[Data records Boundary: Start]
text \<open>Em(pi, sigma), positions 1-indexed: i in [n-m+1].\<close>
definition Em :: "nat list \<Rightarrow> nat list \<Rightarrow> nat set" where
  "Em p s = {i. 1 \<le> i \<and> i + length p \<le> length s + 1 \<and>
                st (take (length p) (drop (i - 1) s)) = p}"

definition a_count :: "nat list \<Rightarrow> nat \<Rightarrow> nat set \<Rightarrow> nat" where
  "a_count p n S = card {s \<in> perms n. Em p s = S}"

definition super_strongly_cwilf_equiv :: "nat list \<Rightarrow> nat list \<Rightarrow> bool" where
  "super_strongly_cwilf_equiv p t \<longleftrightarrow>
     (\<forall>n S. (\<forall>i\<in>S. 0 < i) \<longrightarrow> a_count p n S = a_count t n S)"

definition overlap_set :: "nat list \<Rightarrow> nat set" where
  "overlap_set p = {i. 1 \<le> i \<and> i \<le> length p - 1 \<and>
                       st (drop i p) = st (take (length p - i) p)}"

definition non_overlapping :: "nat list \<Rightarrow> bool" where
  "non_overlapping p \<longleftrightarrow> overlap_set p = {length p - 1}"

end

theory Submission
  imports Defs "HOL-Combinatorics.Permutations"
begin

text \<open>Let \<open>b(T)\<close> count the permutations of \<open>[n]\<close> having an occurrence of the pattern at
  every position of \<open>T\<close>. Then \<open>b(T)\<close> is the sum of \<open>a(n, S)\<close> over all \<open>S \<supseteq> T\<close>, so the numbers
  \<open>b(T)\<close> determine the \<open>a(n, S)\<close>, and it suffices to match them for \<open>\<pi>\<close> and \<open>\<pi>\<^sup>R\<close>.
  Since \<open>\<pi>\<close> is non-overlapping, two occurrences start at least \<open>m - 1\<close> positions apart, so \<open>T\<close>
  splits into maximal chains \<open>a, a + (m-1), \<dots>, a + k(m-1)\<close> of occurrences sharing one entry
  with the next, and distinct chains cover disjoint segments. Reversing the segment covered
  by one chain turns each occurrence of \<open>\<pi>\<close> along the chain into one of \<open>\<pi>\<^sup>R\<close> and fixes
  every other window of \<open>T\<close>; doing this chain by chain gives a bijection.\<close>

lemma st_rev: "st (rev w) = rev (st w)"
  by (simp add: st_def rev_map)

lemma st_map_strict_mono_on:
  assumes "strict_mono_on (set w) h"
  shows "st (map h w) = st w"
proof -
  have inj: "inj_on h (set w)"
    using assms strict_mono_on_imp_inj_on by blast
  have "card {y \<in> set (map h w). y \<le> h x} = card {y \<in> set w. y \<le> x}" if "x \<in> set w" for x
  proof -
    have "{y \<in> set (map h w). y \<le> h x} = h ` {y \<in> set w. y \<le> x}"
      using strict_mono_on_less_eq[OF assms _ that] by auto
    also have "card \<dots> = card {y \<in> set w. y \<le> x}"
      by (rule card_image) (rule inj_on_subset[OF inj], auto)
    finally show ?thesis .
  qed
  then show ?thesis
    by (simp add: st_def)
qed

lemma strict_mono_on_rank:
  fixes w :: "'a::linorder list"
  shows "strict_mono_on (set w) (\<lambda>x. card {y \<in> set w. y \<le> x})"
proof (rule strict_mono_onI)
  fix r s
  assume "r < s" "s \<in> set w"
  then show "card {y \<in> set w. y \<le> r} < card {y \<in> set w. y \<le> s}"
  proof (intro psubset_card_mono)
    show "{y \<in> set w. y \<le> r} \<subset> {y \<in> set w. y \<le> s}"
      using \<open>r < s\<close> \<open>s \<in> set w\<close> by (auto simp: less_le_not_le)
  qed simp
qed

lemma st_map_rank:
  assumes "set u \<subseteq> set w"
  shows "st (map (\<lambda>x. card {y \<in> set w. y \<le> x}) u) = st u"
  by (rule st_map_strict_mono_on, rule monotone_on_subset[OF strict_mono_on_rank assms])

lemma st_drop_st: "st (drop d (st w)) = st (drop d w)"
  by (simp add: st_def[of w] drop_map st_map_rank set_drop_subset)

lemma st_take_st: "st (take d (st w)) = st (take d w)"
  by (simp add: st_def[of w] take_map st_map_rank set_take_subset)

definition window :: "'a list \<Rightarrow> nat \<Rightarrow> nat \<Rightarrow> 'a list" where
  "window s m j = take m (drop (j - 1) s)"

lemma Em_iff_window:
  "j \<in> Em q s \<longleftrightarrow> 1 \<le> j \<and> j + length q \<le> length s + 1 \<and> st (window s (length q) j) = q"
  by (auto simp: Em_def window_def)

lemma length_window: "j - 1 + m \<le> length s \<Longrightarrow> length (window s m j) = m"
  by (simp add: window_def)

lemma nth_window: "t < m \<Longrightarrow> j - 1 + m \<le> length s \<Longrightarrow> window s m j ! t = s ! (j - 1 + t)"
  by (simp add: window_def)

lemma Em_overlap:
  assumes "i \<in> Em q s" and "j \<in> Em q s" and "i < j" and "j - i < length q"
  shows "j - i \<in> overlap_set q"
proof -
  define d where "d = j - i"
  define u where "u = window s (length q) i"
  define v where "v = window s (length q) j"
  have "1 \<le> i" "st u = q" "st v = q"
    using assms(1,2) by (auto simp: Em_iff_window u_def v_def)
  have "drop d u = take (length q - d) v"
    using \<open>1 \<le> i\<close> \<open>i < j\<close> by (simp add: window_def u_def v_def d_def drop_take add.commute)
  then have "st (drop d q) = st (take (length q - d) q)"
    using st_drop_st[of d u] st_take_st[of "length q - d" v] \<open>st u = q\<close> \<open>st v = q\<close> by simp
  then show ?thesis
    using assms(3,4) by (auto simp: overlap_set_def d_def)
qed

lemma non_overlapping_Em_distance:
  assumes "non_overlapping q" and "i \<in> Em q s" and "j \<in> Em q s" and "i < j"
  shows "length q - 1 \<le> j - i"
proof (rule ccontr)
  assume "\<not> length q - 1 \<le> j - i"
  then have "j - i \<in> overlap_set q"
    using Em_overlap[OF assms(2-4)] by simp
  then show False
    using assms(1) \<open>\<not> length q - 1 \<le> j - i\<close> by (simp add: non_overlapping_def)
qed

lemma overlap_set_rev: "overlap_set (rev q) = overlap_set q"
  by (auto simp: overlap_set_def drop_rev take_rev st_rev)

lemma non_overlapping_rev: "non_overlapping q \<Longrightarrow> non_overlapping (rev q)"
  by (simp add: non_overlapping_def overlap_set_rev)

lemma non_overlapping_length: "non_overlapping q \<Longrightarrow> 2 \<le> length q"
  by (auto simp: non_overlapping_def overlap_set_def)

definition reflect :: "nat \<Rightarrow> nat \<Rightarrow> nat \<Rightarrow> nat" where
  "reflect lo hi k = (if lo \<le> k \<and> k \<le> hi then lo + hi - k else k)"

lemma reflect_reflect [simp]: "reflect lo hi (reflect lo hi k) = k"
  unfolding reflect_def by auto

lemma reflect_permutes: "reflect lo hi permutes {lo..hi}"
proof (rule bij_imp_permutes)
  show "bij_betw (reflect lo hi) {lo..hi} {lo..hi}"
    by (rule bij_betw_byWitness[where f' = "reflect lo hi"]) (auto simp: reflect_def split: if_splits)
qed (auto simp: reflect_def)

lemma reflect_permutes_indices:
  "hi < length s \<Longrightarrow> reflect lo hi permutes {..<length s}"
  by (rule permutes_subset[OF reflect_permutes]) auto

lemma permute_list_reflect_involution:
  assumes "hi < length s"
  shows "permute_list (reflect lo hi) (permute_list (reflect lo hi) s) = s"
proof -
  have "reflect lo hi \<circ> reflect lo hi = id"
    by auto
  then show ?thesis
    using permute_list_compose[where f = "reflect lo hi", OF reflect_permutes_indices[OF assms, of lo]]
    by simp
qed

lemma is_perm_permute_list:
  assumes "f permutes {..<n}" and "is_perm n s"
  shows "is_perm n (permute_list f s)"
  using assms by (simp add: is_perm_def)

lemma window_reflect_inside:
  assumes "lo < j" and "lo < j'" and "j + j' + m = lo + hi + 3" and "hi < length s"
  shows "window (permute_list (reflect lo hi) s) m j = rev (window s m j')"
proof (rule nth_equalityI)
  have "j - 1 + m \<le> length s" "j' - 1 + m \<le> length s"
    using assms by linarith+
  then show "length (window (permute_list (reflect lo hi) s) m j) = length (rev (window s m j'))"
    by (simp add: length_window)
  fix t
  assume "t < length (window (permute_list (reflect lo hi) s) m j)"
  then have "t < m"
    using \<open>j - 1 + m \<le> length s\<close> by (simp add: length_window)
  moreover have "reflect lo hi (j - 1 + t) = j' - 1 + (m - 1 - t)"
    using assms \<open>t < m\<close> by (auto simp: reflect_def)
  ultimately show "window (permute_list (reflect lo hi) s) m j ! t = rev (window s m j') ! t"
    using assms by (simp add: nth_window rev_nth length_window permute_list_nth reflect_permutes_indices)
qed

lemma window_reflect_outside:
  assumes "1 \<le> j" and "j - 1 + m \<le> length s" and "j + m \<le> lo + 1 \<or> hi + 1 < j"
    and "hi < length s"
  shows "window (permute_list (reflect lo hi) s) m j = window s m j"
proof (rule nth_equalityI)
  fix t
  assume "t < length (window (permute_list (reflect lo hi) s) m j)"
  then have "t < m"
    using assms(2) by (simp add: length_window)
  moreover have "reflect lo hi (j - 1 + t) = j - 1 + t"
    using assms \<open>t < m\<close> by (auto simp: reflect_def)
  ultimately show "window (permute_list (reflect lo hi) s) m j ! t = window s m j ! t"
    using assms by (simp add: nth_window permute_list_nth reflect_permutes_indices)
qed (use assms(2) in \<open>simp add: length_window\<close>)

definition arith_prog :: "nat \<Rightarrow> nat \<Rightarrow> nat \<Rightarrow> nat set" where
  "arith_prog a d k = (\<lambda>r. a + r * d) ` {..k}"

lemma obtain_arith_prog_down_maximal:
  fixes Q :: "nat set"
  assumes "0 < L" and "i \<in> Q"
  obtains a d where "a + d * L = i" and "\<forall>r\<le>d. a + r * L \<in> Q" and "\<forall>j\<in>Q. j + L \<noteq> a"
proof -
  define P where "P d \<longleftrightarrow> d * L \<le> i \<and> (\<forall>r\<le>d. i - r * L \<in> Q)" for d
  have "P 0"
    using assms by (simp add: P_def)
  have bound: "d \<le> i" if "P d" for d
  proof -
    have "d \<le> d * L"
      using assms(1) by simp
    moreover have "d * L \<le> i"
      using that by (simp add: P_def)
    ultimately show ?thesis
      by linarith
  qed
  have "\<exists>d. P d \<and> (\<forall>d'. P d' \<longrightarrow> d' \<le> d)"
    by (rule Nat.ex_has_greatest_nat[where P = P, OF \<open>P 0\<close>]) (use bound in blast)
  then obtain d where "P d" and d_max: "\<And>d'. P d' \<Longrightarrow> d' \<le> d"
    by blast
  show thesis
  proof
    show "i - d * L + d * L = i"
      using \<open>P d\<close> by (simp add: P_def)
    show "\<forall>r\<le>d. i - d * L + r * L \<in> Q"
    proof (intro allI impI)
      fix r
      assume "r \<le> d"
      then have "i - d * L + r * L = i - (d - r) * L"
        using \<open>P d\<close> by (simp add: P_def diff_mult_distrib)
      then show "i - d * L + r * L \<in> Q"
        using \<open>P d\<close> by (simp add: P_def)
    qed
    show "\<forall>j\<in>Q. j + L \<noteq> i - d * L"
    proof (intro ballI notI)
      fix j
      assume "j \<in> Q" and "j + L = i - d * L"
      moreover have "d * L \<le> i"
        using \<open>P d\<close> by (simp add: P_def)
      ultimately have "Suc d * L \<le> i" and "i - Suc d * L = j"
        by simp_all
      moreover have "\<forall>r\<le>Suc d. i - r * L \<in> Q"
        using \<open>P d\<close> \<open>j \<in> Q\<close> \<open>i - Suc d * L = j\<close> by (auto simp: P_def le_Suc_eq)
      ultimately have "P (Suc d)"
        by (simp add: P_def)
      then show False
        using d_max by fastforce
    qed
  qed
qed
[Data records Boundary: End]
▶ _Exercise description_
Tally the lines in the listing that hold the string "longleftrightarrow"; your reply is that total alone.

▶ _Response_
4